DJ is now a first year student at Glendale Community College. He participates in the college group at church and plays drums for church services on occasion. Meanwhile, he is also in a band named “Abigail.” Their velocity is “fast” and their volume is measured on the Richter Scale. And that’s just their “Unplugged” album! At present there are no girls in his life except his mother. While Karen was with me in Japan for a month DJ got a glimpse of the future. He lived rent-free in a house stocked with microwaveable food, had a low-emissions car, a CostCo card and medical care, all paid for by someone else, thus preparing him for the coming reality of life in California. The global financial crisis is hitting the freelance dog-walking world especially hard so his economic forecast is being revised downward.

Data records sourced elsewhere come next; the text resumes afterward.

lemma phielt_path_mult:
  "arrow_path R c u v \<Longrightarrow> phiset_path R c A \<noteq> {} \<Longrightarrow> A \<subseteq> carrier (Gv R u) \<Longrightarrow>
    (\<forall>g\<in>A. \<forall>h\<in>A. g \<otimes>\<^bsub>Gv R u\<^esub> h \<in> A) \<Longrightarrow> g \<in> A \<Longrightarrow> h \<in> A \<Longrightarrow>
    phielt_path R c (g \<otimes>\<^bsub>Gv R u\<^esub> h) = phielt_path R c g \<otimes>\<^bsub>Gv R v\<^esub> phielt_path R c h"
proof (induction c arbitrary: u A g h)
  case (Cons e c)
  have e: "e \<in> Es R" "src R e = u" and c: "arrow_path R c (tgt R e) v" using Cons.prems(1) by auto
  have ne: "phiset_path R c (phiset R e A) \<noteq> {}" using Cons.prems(2) by simp
  then have A: "A \<subseteq> iota_image R e" using phiset_nonempty_subset phiset_path_empty by metis
  let ?A' = "phiset R e A"
  have A': "?A' = phielt R e ` A" using phiset_image[OF e(1) A] .
  have "?A' \<subseteq> iota_image R (bar R e)" using A' A phielt_bar_inverse[OF e(1)] by auto
  then have sub: "?A' \<subseteq> carrier (Gv R (tgt R e))" using iota_image_subset[of "bar R e"] e(1) by auto
  have mult: "phielt R e (g' \<otimes>\<^bsub>Gv R u\<^esub> h') = phielt R e g' \<otimes>\<^bsub>Gv R (tgt R e)\<^esub> phielt R e h'"
    if "g' \<in> A" "h' \<in> A" for g' h'
  proof -
    have "g' \<in> iota_image R e" "h' \<in> iota_image R e" using that A by auto
    from phielt_mult[OF e(1) this] show ?thesis using e(2) by simp
  qed
  have closed: "\<forall>x\<in>?A'. \<forall>y\<in>?A'. x \<otimes>\<^bsub>Gv R (tgt R e)\<^esub> y \<in> ?A'"
  proof (intro ballI)
    fix x y assume "x \<in> ?A'" "y \<in> ?A'"
    then obtain g' h' where "g' \<in> A" "h' \<in> A" "x = phielt R e g'" "y = phielt R e h'"
      using A' by auto
    then have "x \<otimes>\<^bsub>Gv R (tgt R e)\<^esub> y = phielt R e (g' \<otimes>\<^bsub>Gv R u\<^esub> h')"
      and "g' \<otimes>\<^bsub>Gv R u\<^esub> h' \<in> A"
      using mult Cons.prems(4) by simp_all
    then show "x \<otimes>\<^bsub>Gv R (tgt R e)\<^esub> y \<in> ?A'" using A' by blast
  qed
  have "phielt R e g \<in> ?A'" "phielt R e h \<in> ?A'" using A' Cons.prems(5,6) by auto
  then show ?case
    using Cons.IH[OF c ne sub closed] mult[OF Cons.prems(5,6)] by simp
qed simp

lemma arrow_path_rev: "arrow_path R c u v \<Longrightarrow> arrow_path R (rev_path R c) v u"
  by (induction c arbitrary: u) (auto simp: rev_path_def arrow_path_append)

lemma rev_path_rev_path:
  assumes "arrow_path R c u v"
  shows "rev_path R (rev_path R c) = c"
proof -
  from assms have "set c \<subseteq> Es R" by (rule arrow_path_Es)
  then show ?thesis by (induction c) (auto simp: rev_path_def)
qed

end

As for Karen, I have enjoyed watching her read a book for pleasure, cook food that interests her, sew for fun, have coffee with friends, and find her way back into other activities she had put aside while we had kids to deal with. She toured with me in Japan and Korea for a month this year and it was reminiscent of our carefree pre-kid days except with very different food. We both continue to enjoy helping out at church where we can and spending time with the people we have come to love so much here in California. We have now been married 32 years, a new record for both of us.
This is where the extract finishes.